[Thyrza by George Gissing]@TWC D-Link bookThyrza CHAPTER IX 41/48
The life of men who toil without hope, yet with the hunger of an unshaped desire; of women in whom the sweetness of their sex is perishing under labour and misery; the laugh, the song of the girl who strives to enjoy her year or two of youthful vigour, knowing the darkness of the years to come; the careless defiance of the youth who feels his blood and revolts against the lot which would tame it; all that is purely human in these darkened multitudes speaks to you as you listen.
It is the half-conscious striving of a nature which knows not what it would attain, which deforms a true thought by gross expression, which clutches at the beautiful and soils it with foul hands. The children were dirty and ragged, several of them barefooted, nearly all bare-headed, but they danced with noisy merriment.
One there was, a little girl, on crutches; incapable of taking a partner, she stumped round and round, circling upon the pavement, till giddiness came upon her and she had to fall back and lean against the wall, laughing aloud at her weakness.

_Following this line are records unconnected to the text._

lemma zernike_joukowski_reciprocal:
  assumes "w \<noteq> 0"
  shows "w ^ (M + 2 * p) * zernike_joukowski M p (1 / w) = zernike_joukowski M p w"
  unfolding zernike_joukowski_def sum_distrib_left
proof (intro sum.cong refl)
  fix s
  assume "s \<in> {..p}"
  then have "M + 2 * p = 2 * s + 2 * (p - s) + M" by simp
  then have "w ^ (M + 2 * p) = (w\<^sup>2) ^ s * (w\<^sup>2) ^ (p - s) * w ^ M"
    by (simp only: power_add power_mult)
  moreover have "w\<^sup>2 * (1 / w - 1)\<^sup>2 = (w - 1)\<^sup>2" and "w\<^sup>2 * (1 / w + 1)\<^sup>2 = (w + 1)\<^sup>2"
    and "w * (1 / w + 1) = w + 1"
    using assms by (simp_all add: power2_eq_square field_simps)
  ultimately show "w ^ (M + 2 * p) * (real (p choose s) * real ((p + M) choose s)
        * ((1 / w - 1)\<^sup>2) ^ s * ((1 / w + 1)\<^sup>2) ^ (p - s) * (1 / w + 1) ^ M)
      = real (p choose s) * real ((p + M) choose s)
        * ((w - 1)\<^sup>2) ^ s * ((w + 1)\<^sup>2) ^ (p - s) * (w + 1) ^ M"
    by (simp add: power_mult_distrib[symmetric] mult_ac)
qed

lemma zernike_joukowski_eq_krawtchouk_reversed:
  fixes M p :: nat
  assumes "w \<noteq> 0"
  defines "n \<equiv> M + 2 * p"
  shows "zernike_joukowski M p w = (\<Sum>k\<le>n. krawtchouk n k p * krawtchouk n p k * w ^ (n - k))"
proof -
  have "zernike_joukowski M p w = w ^ n * zernike_joukowski M p (1 / w)"
    using zernike_joukowski_reciprocal[OF assms(1)] by (simp add: n_def)
  also have "\<dots> = (\<Sum>k\<le>n. krawtchouk n k p * krawtchouk n p k * (w ^ n * (1 / w) ^ k))"
    unfolding zernike_joukowski_eq_krawtchouk n_def sum_distrib_left by (simp add: mult_ac)
  also have "\<dots> = (\<Sum>k\<le>n. krawtchouk n k p * krawtchouk n p k * w ^ (n - k))"
    using assms(1) by (intro sum.cong refl) (simp add: power_diff power_one_over field_simps)
  finally show ?thesis .
qed

definition zernike_cheb_coeff :: "nat \<Rightarrow> nat \<Rightarrow> nat \<Rightarrow> real" where
  "zernike_cheb_coeff n p k = krawtchouk n k p * krawtchouk n p k / 2 ^ n"

definition zernike_cheb :: "nat \<Rightarrow> nat \<Rightarrow> real poly" where
  "zernike_cheb n p =
     (\<Sum>k\<le>n. smult (zernike_cheb_coeff n p k) (cheb_T (nat \<bar>int n - 2 * int k\<bar>)))"
lemma symmetric_real_mat_has_eigenvalue:
  fixes B :: "real mat"
  assumes B: "B \<in> carrier_mat n n" and sym: "transpose_mat B = B" and n: "0 < n"
  shows "\<exists>l. eigenvalue B l"
proof -
  define Bc where "Bc = map_mat complex_of_real B"
  have Bc: "Bc \<in> carrier_mat n n" using B unfolding Bc_def by auto
  from spectrum_non_empty[OF Bc n] obtain z where ev_z: "eigenvalue Bc z"
    unfolding spectrum_def by auto
  hence z: "z = of_real (Re z)"
    using eigenvalue_of_real_symmetric_is_real[OF B sym] unfolding Bc_def by (simp add: complex_eq_iff)
  have "poly (char_poly Bc) z = 0"
    using ev_z eigenvalue_root_char_poly[OF Bc] by simp
  also have "char_poly Bc = map_poly of_real (char_poly B)"
    unfolding Bc_def by (rule of_real_hom.char_poly_hom[OF B])
  finally have "poly (map_poly of_real (char_poly B)) (of_real (Re z)) = (0::complex)"
    using z by metis
  hence "poly (char_poly B) (Re z) = 0" by simp
  thus ?thesis using eigenvalue_root_char_poly[OF B] by blast
qed

definition householder_mat :: "nat \<Rightarrow> (nat \<Rightarrow> 'a::field) \<Rightarrow> 'a mat" where
  "householder_mat n w = mat n n (\<lambda>(i, j). (if i = j then 1 else 0) - 2 / (\<Sum>k<n. (w k)\<^sup>2) * w i * w j)"

lemma householder_mat_carrier [simp]: "householder_mat n w \<in> carrier_mat n n"
  unfolding householder_mat_def by simp

lemma dim_householder_mat [simp]:
  "dim_row (householder_mat n w) = n" "dim_col (householder_mat n w) = n"
  unfolding householder_mat_def by simp_all

lemma transpose_householder_mat: "transpose_mat (householder_mat n w) = householder_mat n w"
  unfolding householder_mat_def by (rule eq_matI) auto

Gilbert stepped up to her, and put a penny into her hand; then, before she had recovered from her surprise, passed onwards. He came out at length by Lambeth parish church, which looks upon the river; the bells were ringing a harsh peal of four notes, unchangingly repeated.
Thence he went forward on to Lambeth Bridge. Unsightliest of all bridges crossing Thames, the red hue of its iron superstructure, which in daylight only enhances the meanness of its appearance, at night invests it with a certain grim severity; the archway, with its bolted metal plates, its wire-woven cables, over-glimmered with the yellowness of the gas-lamps which it supports, might be the entrance to some fastness of ignoble misery.